-- Opening Marker --
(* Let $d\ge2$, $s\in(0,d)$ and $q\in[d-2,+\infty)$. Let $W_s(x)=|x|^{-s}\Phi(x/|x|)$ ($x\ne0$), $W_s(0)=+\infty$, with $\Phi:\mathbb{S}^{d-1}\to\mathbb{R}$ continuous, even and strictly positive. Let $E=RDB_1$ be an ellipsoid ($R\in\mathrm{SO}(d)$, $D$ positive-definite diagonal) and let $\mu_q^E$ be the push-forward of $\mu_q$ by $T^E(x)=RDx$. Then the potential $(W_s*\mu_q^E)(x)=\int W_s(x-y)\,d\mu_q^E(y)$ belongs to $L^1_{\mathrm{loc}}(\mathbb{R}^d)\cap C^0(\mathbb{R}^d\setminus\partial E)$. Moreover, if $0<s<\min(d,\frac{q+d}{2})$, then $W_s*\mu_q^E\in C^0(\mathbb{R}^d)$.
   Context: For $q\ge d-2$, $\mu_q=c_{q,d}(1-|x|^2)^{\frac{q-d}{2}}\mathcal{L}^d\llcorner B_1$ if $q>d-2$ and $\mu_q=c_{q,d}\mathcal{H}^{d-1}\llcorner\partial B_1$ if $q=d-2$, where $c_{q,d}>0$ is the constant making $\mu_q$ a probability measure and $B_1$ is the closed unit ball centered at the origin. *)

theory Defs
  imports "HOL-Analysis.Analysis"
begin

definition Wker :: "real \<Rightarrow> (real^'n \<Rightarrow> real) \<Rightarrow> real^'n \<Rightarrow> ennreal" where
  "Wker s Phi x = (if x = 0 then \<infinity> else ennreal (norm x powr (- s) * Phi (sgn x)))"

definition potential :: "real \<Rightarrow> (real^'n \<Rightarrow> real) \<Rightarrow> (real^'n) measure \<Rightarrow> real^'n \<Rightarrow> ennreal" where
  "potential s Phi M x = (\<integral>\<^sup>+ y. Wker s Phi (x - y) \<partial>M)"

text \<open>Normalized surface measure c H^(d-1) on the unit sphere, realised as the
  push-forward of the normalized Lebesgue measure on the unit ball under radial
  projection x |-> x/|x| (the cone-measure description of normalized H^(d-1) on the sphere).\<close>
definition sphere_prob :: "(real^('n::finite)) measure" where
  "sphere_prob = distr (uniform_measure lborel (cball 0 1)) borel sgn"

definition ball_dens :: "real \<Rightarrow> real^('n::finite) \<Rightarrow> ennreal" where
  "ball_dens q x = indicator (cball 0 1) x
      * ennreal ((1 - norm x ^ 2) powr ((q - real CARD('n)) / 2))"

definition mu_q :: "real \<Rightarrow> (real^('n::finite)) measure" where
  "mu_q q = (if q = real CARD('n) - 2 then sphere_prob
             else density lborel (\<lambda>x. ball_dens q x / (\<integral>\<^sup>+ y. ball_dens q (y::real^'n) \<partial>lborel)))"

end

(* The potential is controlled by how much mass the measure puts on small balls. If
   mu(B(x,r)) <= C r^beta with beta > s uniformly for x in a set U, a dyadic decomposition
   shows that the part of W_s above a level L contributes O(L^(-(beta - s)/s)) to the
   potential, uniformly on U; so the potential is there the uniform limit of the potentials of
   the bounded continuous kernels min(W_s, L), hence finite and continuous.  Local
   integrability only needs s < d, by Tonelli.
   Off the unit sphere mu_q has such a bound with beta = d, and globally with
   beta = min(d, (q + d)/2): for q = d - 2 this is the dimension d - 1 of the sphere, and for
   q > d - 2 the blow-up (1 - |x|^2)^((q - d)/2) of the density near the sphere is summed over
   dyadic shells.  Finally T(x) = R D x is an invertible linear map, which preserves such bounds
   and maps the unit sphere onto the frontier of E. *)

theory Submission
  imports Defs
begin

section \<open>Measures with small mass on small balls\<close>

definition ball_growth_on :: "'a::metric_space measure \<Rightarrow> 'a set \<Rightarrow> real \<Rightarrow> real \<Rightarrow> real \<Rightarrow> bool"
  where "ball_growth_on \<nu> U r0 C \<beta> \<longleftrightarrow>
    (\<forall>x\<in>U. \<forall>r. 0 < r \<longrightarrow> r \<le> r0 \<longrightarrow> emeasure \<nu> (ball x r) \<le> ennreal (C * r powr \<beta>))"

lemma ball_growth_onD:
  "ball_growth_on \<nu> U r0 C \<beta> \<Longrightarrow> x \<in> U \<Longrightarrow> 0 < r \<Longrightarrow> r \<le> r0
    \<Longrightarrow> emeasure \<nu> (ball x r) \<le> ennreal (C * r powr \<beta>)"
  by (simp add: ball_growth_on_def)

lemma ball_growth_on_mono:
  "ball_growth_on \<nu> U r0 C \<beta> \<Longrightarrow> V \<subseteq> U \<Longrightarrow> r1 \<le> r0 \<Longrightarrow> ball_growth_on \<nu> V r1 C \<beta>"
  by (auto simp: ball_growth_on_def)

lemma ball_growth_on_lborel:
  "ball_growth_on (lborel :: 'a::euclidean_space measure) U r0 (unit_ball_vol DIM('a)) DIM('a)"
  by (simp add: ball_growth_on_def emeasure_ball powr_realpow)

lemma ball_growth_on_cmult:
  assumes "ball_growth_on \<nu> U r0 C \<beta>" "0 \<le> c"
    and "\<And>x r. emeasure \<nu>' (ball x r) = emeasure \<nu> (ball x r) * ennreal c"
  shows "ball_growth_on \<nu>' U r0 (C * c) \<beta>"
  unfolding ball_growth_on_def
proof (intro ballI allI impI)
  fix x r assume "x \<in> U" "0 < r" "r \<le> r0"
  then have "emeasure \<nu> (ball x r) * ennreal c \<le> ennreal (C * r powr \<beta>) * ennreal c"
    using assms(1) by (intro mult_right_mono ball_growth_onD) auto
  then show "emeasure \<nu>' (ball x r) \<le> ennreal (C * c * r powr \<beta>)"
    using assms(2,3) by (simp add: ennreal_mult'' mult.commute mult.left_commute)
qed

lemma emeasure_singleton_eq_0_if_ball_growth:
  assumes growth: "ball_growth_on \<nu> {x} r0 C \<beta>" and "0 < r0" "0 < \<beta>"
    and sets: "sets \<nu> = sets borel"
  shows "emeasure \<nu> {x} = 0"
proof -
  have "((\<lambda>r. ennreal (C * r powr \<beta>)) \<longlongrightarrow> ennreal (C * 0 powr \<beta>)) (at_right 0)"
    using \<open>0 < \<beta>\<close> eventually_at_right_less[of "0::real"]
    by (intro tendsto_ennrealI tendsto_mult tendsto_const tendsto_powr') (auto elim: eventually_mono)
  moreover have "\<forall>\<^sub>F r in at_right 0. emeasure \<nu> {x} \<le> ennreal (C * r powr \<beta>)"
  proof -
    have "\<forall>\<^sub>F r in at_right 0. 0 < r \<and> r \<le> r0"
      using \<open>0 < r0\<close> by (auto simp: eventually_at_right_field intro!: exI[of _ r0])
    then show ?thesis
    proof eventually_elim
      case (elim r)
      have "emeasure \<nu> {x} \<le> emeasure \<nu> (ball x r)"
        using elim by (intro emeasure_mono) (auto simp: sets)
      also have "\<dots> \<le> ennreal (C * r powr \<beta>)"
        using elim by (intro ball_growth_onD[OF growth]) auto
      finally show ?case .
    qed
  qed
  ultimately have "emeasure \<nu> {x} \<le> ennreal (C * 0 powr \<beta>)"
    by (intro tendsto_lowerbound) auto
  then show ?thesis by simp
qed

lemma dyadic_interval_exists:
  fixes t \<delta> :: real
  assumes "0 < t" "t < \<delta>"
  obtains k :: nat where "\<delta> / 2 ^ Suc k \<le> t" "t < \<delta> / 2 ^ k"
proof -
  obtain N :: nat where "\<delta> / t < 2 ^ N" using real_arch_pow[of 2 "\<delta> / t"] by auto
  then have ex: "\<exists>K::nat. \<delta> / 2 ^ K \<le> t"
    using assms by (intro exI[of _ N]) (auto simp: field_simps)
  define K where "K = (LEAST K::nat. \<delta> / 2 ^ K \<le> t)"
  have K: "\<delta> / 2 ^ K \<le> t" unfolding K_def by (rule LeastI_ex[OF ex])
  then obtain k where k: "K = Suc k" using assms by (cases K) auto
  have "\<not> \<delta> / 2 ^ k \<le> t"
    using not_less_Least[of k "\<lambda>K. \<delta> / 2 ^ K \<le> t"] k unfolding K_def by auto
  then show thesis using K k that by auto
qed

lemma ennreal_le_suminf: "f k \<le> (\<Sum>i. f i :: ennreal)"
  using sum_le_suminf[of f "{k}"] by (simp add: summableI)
-- Closing Marker --
Each line that has the word "small" counts once. How many such lines are in the data? Give the number alone.

Answer for the task: 2